Are native Irish speakers an invisible minority, marginalised and misunderstood by a hostile and self-hating English-speaking culture? Or are they, as they’re more often characterised, an elitist clique with a misplaced victim complex, intent on keeping their schools to themselves?
TV presenter Bláthnaid Ní Chofaigh set out to make the case for the former in Lig Liom (RTE One, Thursday, 7pm) ,which means "let me be me", an emotional appeal for – well, it's never quite clear what. More empathy for Irish language speakers? More rights? A more concerted approach to the preservation of the language?
A possible insight into its real purpose comes when Ní Chofaigh, who grew up speaking Irish in the Meath Gaeltacht of Rath Cairn, an experience that gave her a strong sense of otherness, is having a frank discussion with her family, trying to get to the bottom of why they don’t share her all-consuming passion for their native language.
“This is like therapy, “ she says.
The documentary is not so much a plea for anything in particular as an “intensely personal” exploration of the loneliness she has felt as an Irish speaker in a world full of people who are not.
It seem cathartic for her and, for the rest of us, it offers a fresh perspective on the conversation about what our native language means to us, beyond the usual academic, cultural and economic arguments.
Her father always told her we should marry “our own”, and Ní Chofaigh admits she thinks it might have been easier to have married a Gaeilgeóir.
Her husband, Ciaran Byrne, seems understandably baffled. "Easier for the language. But I mean, that's one small part of life, isn't it?"
He’ll never understand because he’s “the majority”, she says.
Not in this family, he counters, and you can’t help feeling a touch of sympathy.
The documentary skirts around some of the more frequently rehearsed aspects of the Irish language debate.
Siún Ní Dhiunn, in a vox-pop, expresses her exasperation with people who send their children to a Gaelscoil, but don’t speak Irish at home.
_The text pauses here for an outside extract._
(* Let $\ell$ be a positive integer and let $B^*=3\times 2^{\ell-1}-2$. The switching system described below (one crossbar switch with a controller, and $2\ell-1$ groups of three 4-to-1 FIFO multiplexers, operated by the routing policy described below) is an optical priority queue with buffer $B^*$; that is, started empty at time $0$, it satisfies properties (P1)–(P5) below with $B=B^*$ at every time $t>0$, for every arrival sequence, every assignment of distinct priorities and every sequence of departure requests.
   Context: Time is slotted ($t=1,2,\dots$), packets have fixed size and one packet traverses a link in one slot, so each link is in state $1$ (carries a packet) or $0$ at each time. An $n\times n$ crossbar switch is a memoryless element that can connect its $n$ inputs to its $n$ outputs by any permutation, packets passing instantaneously. Priority queue. A network element has an arrival link, a departure link, a loss link and a controller. Each arriving packet carries a unique priority. If at the beginning of time $t$ there are $k$ packets in the element (counting the arriving packet, if any) and packet $i$ has the $j$-th highest priority among them, its tag is $\tau_i(t)=j$. Let $a(t),d(t),l(t)\in\{0,1\}$ be the states of the arrival, departure, loss links at time $t$, $c(t)=1$ if the controller issues a departure request at $t$ and $0$ otherwise, and $q(t)$ the number of packets buffered at time $t$. Starting empty at time $0$, the element is a priority queue with buffer $B$ if for every $t>0$: (P1) $q(t)=q(t-1)+a(t)-d(t)-l(t)$; (P2) $d(t)=1$ iff $c(t)=1$ and $q(t-1)+a(t)>0$; (P3) $l(t)=1$ iff $c(t)=0$, $q(t-1)=B$ and $a(t)=1$; (P4) a packet $i$ departing at $t$ has $\tau_i(t)=1$; (P5) a packet $i$ lost at $t$ has $\tau_i(t)=B+1$. 4-to-1 multiplexer with buffer $\tilde B$: an element with $4$ input links (states $\tilde a_1(t),\dots,\tilde a_4(t)$), one departure link $\tilde d(t)$ and $3$ loss links $\tilde l_1(t),\tilde l_2(t),\tilde l_3(t)$, with buffer content $\tilde q(t)$, satisfying (M1) $\tilde q(t)=\tilde q(t-1)+\sum_{i=1}^4\tilde a_i(t)-\tilde d(t)-\sum_{i=1}^3\tilde l_i(t)$; (M2) $\tilde d(t)=1$ iff $\tilde q(t-1)+\sum_i\tilde a_i(t)>0$; (M3) $\tilde l_i(t)=1$ iff $\tilde q(t-1)+\sum_{i'}\tilde a_{i'}(t)\ge \tilde B+i+1$; (M4) packets depart in FIFO order. Notation: for integers $a\le b$, $\langle a,b\rangle=\{a,a+1,\dots,b\}$. For $j=1,\dots,\ell$ let $\Psi_j=\langle 2^{j-1},2^j-1\rangle$, and for $j=\ell+1,\dots,2\ell-1$ let $\Psi_j=\langle 3\cdot2^{\ell-1}-2^{2\ell-j},\,3\cdot 2^{\ell-1}-2^{2\ell-j-1}-1\rangle$. Let $B_1=B_{2\ell-1}=1$, $B_j=2^{j-2}$ for $2\le j\le \ell$, and $B_j=2^{2\ell-j-2}$ for $\ell+1\le j\le 2\ell-2$. Structure. For each $j=1,\dots,2\ell-1$, the $j$-th group consists of three 4-to-1 multiplexers each with buffer $B_j$; the group's $12$ input links are indexed $0,\dots,11$, where for $i=0,1,2$ the inputs of the $i$-th multiplexer are the group inputs $i,i+3,i+6,i+9$. Every group input link is fed by a distinct output of a single crossbar switch; the departure output of each multiplexer feeds a distinct input of the switch. The switch also has the external arrival input, a departure output and a loss output. Tags $\tau_i(t)$ refer to all packets in the whole system (in the multiplexer buffers, on the arrival link). Routing policy at the beginning of each time $t$: (i) if $c(t)=1$, among the packets leaving the multiplexers of groups $1$ and $2$ and the arriving packet (if any), the one with highest priority is sent to the departure link; (ii) if $c(t)=0$, $a(t)=1$ and $q(t-1)=B^*$, among the arriving packet and the packets leaving the multiplexers of group $2\ell-1$, the one with lowest priority is sent to the loss link; (iii) every other packet $i$ entering the switch at $t$ is sent to group $j$ with $\tau_i(t)\in\Psi_j$. If $k$ packets are sent to group $j$ at time $t$ and $u_j(t)$ is the index of the group input last used before $t$ (with $u_j(1)=0$), they use group inputs $(u_j(t)+1)\bmod 12,\dots,(u_j(t)+k)\bmod 12$, and $u_j(t+1)=(u_j(t)+k)\bmod 12$. *)

theory Defs
  imports Main
begin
It’s a lack of respect, she says.
This is an argument that has led in some schools to the introduction of controversial language tests for four-year-olds. But it seems to overlook an obvious problem – if the language is to survive, then it will surely need to embrace the children of non-speakers too.
Ní Chofaigh’s sense of marginalisation at being forced to live through a language not her own is undoubtedly real. But at times here it seems overstated.
When she meets Ola Majekodunmi, the child of Nigerian immigrants and a fluent Irish speaker, Ní Chofaigh says she would prefer to be "visible" as an Irish speaker "so that others could see immediately, just walking down the street, that I was different".
It’s not the most sensitive thing to say to someone whose skin colour means they have no choice about whether to reveal their difference.
“If you knew the difficulties I face as a visible minority, you wouldn’t want to be like that,” Majekodunmi retorts, though not unkindly.
Despite the passion she brings to the debate, Ní Chofaigh never quite proves her case that our attitude towards Irish speakers is characterised by anything more than embarrassment at our inability to string more than a few words together.
Ultimately, she seems blind to the fact that it’s not hostility that defines the relationship of the rest of us with our native language. It’s ineptitude.